● **Provided information**:

☆ ☆ ☆

lemma mult_add_less_eq_iff:
  fixes q q' r r' m :: nat
  assumes "r < m" "r' < m"
  shows "q * m + r = q' * m + r' \<longleftrightarrow> q = q' \<and> r = r'"
proof
  assume eq: "q * m + r = q' * m + r'"
  have "q = (q * m + r) div m" "q' = (q' * m + r') div m"
    using assms by simp_all
  moreover have "r = (q * m + r) mod m" "r' = (q' * m + r') mod m"
    using assms by simp_all
  ultimately show "q = q' \<and> r = r'"
    unfolding eq by simp
qed simp

lemma simple_graph_edge_subset:
  assumes "simple_graph V E" "e \<in> E"
  shows "e \<subseteq> V"
proof -
  obtain u v where "u \<in> V" "v \<in> V" "e = {u, v}"
    using assms unfolding simple_graph_def by meson
  then show ?thesis by simp
qed

lemma simple_graph_edge_vertices:
  assumes "simple_graph V E" "{u, v} \<in> E"
  shows "u \<in> V" "v \<in> V"
  using simple_graph_edge_subset[OF assms] by simp_all

lemma simple_graph_edge_distinct:
  assumes "simple_graph V E" "{u, v} \<in> E"
  shows "u \<noteq> v"
  using assms unfolding simple_graph_def doubleton_eq_iff by fastforce

lemma simple_graph_finite_edges:
  assumes "simple_graph V E"
  shows "finite E"
proof (rule finite_subset)
  show "E \<subseteq> Pow V"
    using simple_graph_edge_subset[OF assms] by blast
  show "finite (Pow V)"
    using assms unfolding simple_graph_def by simp
qed

lemma layout_width_le:
  assumes "\<And>u v. {u, v} \<in> E \<Longrightarrow> stretch \<sigma> u v \<le> K"
  shows "layout_width \<sigma> E \<le> K"
proof -
  have "insert 0 {stretch \<sigma> u v | u v. {u, v} \<in> E} \<subseteq> {..K}"
    using assms by auto
  then show ?thesis
    unfolding layout_width_def by (subst Max_le_iff) (auto dest: finite_subset)
qed

lemma stretch_le_layout_width:
  assumes "simple_graph V E" "{u, v} \<in> E"
  shows "stretch \<sigma> u v \<le> layout_width \<sigma> E"
proof -
  have "{stretch \<sigma> u v | u v. {u, v} \<in> E} \<subseteq> (\<lambda>(u, v). stretch \<sigma> u v) ` (V \<times> V)"
    using simple_graph_edge_vertices[OF assms(1)] by fastforce
  moreover have "finite V"
    using assms(1) unfolding simple_graph_def by simp
  ultimately have "finite {stretch \<sigma> u v | u v. {u, v} \<in> E}"
    by (meson finite_SigmaI finite_imageI finite_subset)
  then show ?thesis
    unfolding layout_width_def using assms(2) by (intro Max_ge) auto
qed

lemma finite_layout_widths:
  assumes "simple_graph V E"
  shows "finite {layout_width \<sigma> E | \<sigma>. bij_betw \<sigma> V {1..card V}}"
proof (rule finite_subset)
  have "layout_width \<sigma> E \<le> card V" if \<sigma>: "bij_betw \<sigma> V {1..card V}" for \<sigma>
  proof (rule layout_width_le)
    fix u v assume "{u, v} \<in> E"
    then have "\<sigma> u \<in> {1..card V}" "\<sigma> v \<in> {1..card V}"
      using simple_graph_edge_vertices[OF assms] bij_betw_apply[OF \<sigma>] by blast+
    then show "stretch \<sigma> u v \<le> card V" by auto
  qed
  then show "{layout_width \<sigma> E | \<sigma>. bij_betw \<sigma> V {1..card V}} \<subseteq> {..card V}"
    by auto
qed simp

lemma bandwidth_le_layout_width:
  assumes "simple_graph V E" "bij_betw \<sigma> V {1..card V}"
  shows "bandwidth V E \<le> layout_width \<sigma> E"
  unfolding bandwidth_def using finite_layout_widths[OF assms(1)] assms(2)
  by (intro Min_le) auto

lemma optimal_layout_exists:
  assumes "simple_graph V E"
  obtains \<sigma> where "bij_betw \<sigma> V {1..card V}" "layout_width \<sigma> E = bandwidth V E"
proof -
  have "finite V"
    using assms unfolding simple_graph_def by simp
  then obtain \<sigma> where "bij_betw \<sigma> V {1..card V}"
    using finite_same_card_bij[of V "{1..card V}"] by auto
  then have "{layout_width \<sigma> E | \<sigma>. bij_betw \<sigma> V {1..card V}} \<noteq> {}"
    by blast
  then have "bandwidth V E \<in> {layout_width \<sigma> E | \<sigma>. bij_betw \<sigma> V {1..card V}}"
    unfolding bandwidth_def using finite_layout_widths[OF assms] by (rule Min_in[rotated])
  then show ?thesis
    using that by auto
qed

definition rank :: "('a \<Rightarrow> nat) \<Rightarrow> 'a set \<Rightarrow> 'a \<Rightarrow> nat" where
  "rank p S x = Suc (card {z \<in> S. p z < p x})"

lemma rank_mono:
  assumes "finite S" "p x \<le> p y"
  shows "rank p S x \<le> rank p S y"
  unfolding rank_def using assms by (auto intro!: card_mono)

lemma rank_strict_mono:
  assumes "finite S" "x \<in> S" "p x < p y"
  shows "rank p S x < rank p S y"
proof -
  have "{z \<in> S. p z < p x} \<subset> {z \<in> S. p z < p y}"
    using assms(2,3) by auto
  then show ?thesis
    unfolding rank_def using assms(1) by (simp add: psubset_card_mono)
qed

lemma rank_diff_le:
  assumes "finite S" "inj_on p S" "p x \<le> p y"
  shows "rank p S y - rank p S x \<le> p y - p x"
proof -
  let ?below = "\<lambda>k. {z \<in> S. p z < k}"
  let ?between = "{z \<in> S. p x \<le> p z \<and> p z < p y}"
  have "?below (p y) = ?below (p x) \<union> ?between"
    using assms(3) by auto
  moreover have "card (?below (p x) \<union> ?between) = card (?below (p x)) + card ?between"
    using assms(1) by (intro card_Un_disjoint) auto
  ultimately have "card (?below (p y)) = card (?below (p x)) + card ?between"
    by simp
  moreover have "card ?between \<le> card {p x..<p y}"
    using assms(2) by (intro card_inj_on_le[where f = p]) (auto intro: inj_on_subset)
  ultimately show ?thesis
    unfolding rank_def by simp
qed

lemma bij_betw_rank:
  assumes "finite S" "inj_on p S"
  shows "bij_betw (rank p S) S {1..card S}"
proof -
  have "inj_on (rank p S) S"
  proof (rule inj_onI)
    fix x y assume "x \<in> S" "y \<in> S" "rank p S x = rank p S y"
    then have "p x = p y"
      using rank_strict_mono[OF assms(1)] by (metis nat_neq_iff)
    then show "x = y"
      using assms(2) \<open>x \<in> S\<close> \<open>y \<in> S\<close> by (auto dest: inj_onD)
  qed
  moreover have "rank p S ` S \<subseteq> {1..card S}"
  proof clarify
    fix x assume "x \<in> S"
    then have "{z \<in> S. p z < p x} \<subset> S" by auto
    then show "rank p S x \<in> {1..card S}"
      unfolding rank_def using assms(1) by (simp add: psubset_card_mono Suc_le_eq)
  qed
  ultimately show ?thesis
    unfolding bij_betw_def using assms(1) by (simp add: card_image card_subset_eq)
qed

lemma stretch_rank_le:
  assumes "finite S" "inj_on p S"
  shows "stretch (rank p S) x y \<le> stretch p x y"
proof (cases "p x \<le> p y")
  case True
  then show ?thesis
    using rank_mono[OF assms(1) True] rank_diff_le[OF assms True] by linarith
next
  case False
  then have "p y \<le> p x" by simp
  then show ?thesis
    using rank_mono[OF assms(1) \<open>p y \<le> p x\<close>] rank_diff_le[OF assms \<open>p y \<le> p x\<close>] by linarith
qed

lemma bandwidth_le_of_placement:
  assumes "simple_graph V E" "inj_on p V" "\<And>u v. {u, v} \<in> E \<Longrightarrow> stretch p u v \<le> K"
  shows "bandwidth V E \<le> K"
proof -
  have "finite V"
    using assms(1) unfolding simple_graph_def by simp
  then have "bandwidth V E \<le> layout_width (rank p V) E"
    using bandwidth_le_layout_width[OF assms(1) bij_betw_rank] assms(2) by blast
  also have "\<dots> \<le> K"
  proof (rule layout_width_le)
    fix u v assume "{u, v} \<in> E"
    then show "stretch (rank p V) u v \<le> K"
      using stretch_rank_le[OF \<open>finite V\<close> assms(2)] assms(3) le_trans by blast
  qed
  finally show ?thesis .
qed

lemma replaced_vertexE:
  assumes "y \<in> replaced_vertices V E W al be"
  obtains (Inl) v where "y = Inl v" "v \<in> V"
    | (Inr) e x where "y = Inr (e, x)" "e \<in> E" "x \<in> W - {al, be}"
  using assms unfolding replaced_vertices_def by blast

locale edge_replacement =
  fixes V :: "'a set" and E :: "'a set set" and W :: "'b set" and F :: "'b set set"
    and al be :: 'b and ori :: "'a set \<Rightarrow> 'a \<times> 'a"
  assumes graph: "simple_graph V E" and gadget: "simple_graph W F"
    and al: "al \<in> W" and be: "be \<in> W" and al_neq_be: "al \<noteq> be"
    and ori: "\<And>e. e \<in> E \<Longrightarrow> e = {fst (ori e), snd (ori e)}"
begin

abbreviation "V' \<equiv> replaced_vertices V E W al be"
abbreviation "E' \<equiv> replaced_edges E F al be ori"

lemma ori_endpoints:
  assumes "e \<in> E"
  shows "fst (ori e) \<in> V" "snd (ori e) \<in> V" "fst (ori e) \<noteq> snd (ori e)"
  using simple_graph_edge_vertices[OF graph] simple_graph_edge_distinct[OF graph]
    ori[OF assms] assms by metis+

lemma gadget_map_in_replaced_vertices:
  assumes "e \<in> E" "x \<in> W"
  shows "gadget_map ori al be e x \<in> V'"
  using ori_endpoints[OF assms(1)] assms
  unfolding gadget_map_def replaced_vertices_def by auto

lemma inj_on_gadget_map:
  assumes "e \<in> E"
  shows "inj_on (gadget_map ori al be e) W"
  using ori_endpoints[OF assms] al_neq_be
  unfolding inj_on_def gadget_map_def by auto

lemma simple_graph_replaced: "simple_graph V' E'"
  unfolding simple_graph_def
proof
  have "{Inr (e, x) | e x. e \<in> E \<and> x \<in> W - {al, be}} \<subseteq> Inr ` (E \<times> W)"
    by auto
  moreover have "finite V" "finite W"
    using graph gadget unfolding simple_graph_def by simp_all
  ultimately show "finite V'"
    unfolding replaced_vertices_def using simple_graph_finite_edges[OF graph]
    by (auto dest: finite_subset)
  show "\<forall>e'\<in>E'. \<exists>a c. a \<noteq> c \<and> a \<in> V' \<and> c \<in> V' \<and> e' = {a, c}"
  proof
    fix e' assume "e' \<in> E'"
    then obtain e f where e: "e \<in> E" and "f \<in> F" and e': "e' = gadget_map ori al be e ` f"
      unfolding replaced_edges_def by blast
    then obtain x y where "x \<noteq> y" "x \<in> W" "y \<in> W" "f = {x, y}"
      using gadget unfolding simple_graph_def by meson
    then show "\<exists>a c. a \<noteq> c \<and> a \<in> V' \<and> c \<in> V' \<and> e' = {a, c}"
      using e e' inj_on_gadget_map[OF e] gadget_map_in_replaced_vertices[OF e]
      by (auto dest: inj_onD)
  qed
qed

☆ ☆ ☆

● **Work to be completed**:
Looking through the records, copy out every line in which the word "linarith" is found.

● **Finished task**:
    using rank_mono[OF assms(1) True] rank_diff_le[OF assms True] by linarith
    using rank_mono[OF assms(1) \<open>p y \<le> p x\<close>] rank_diff_le[OF assms \<open>p y \<le> p x\<close>] by linarith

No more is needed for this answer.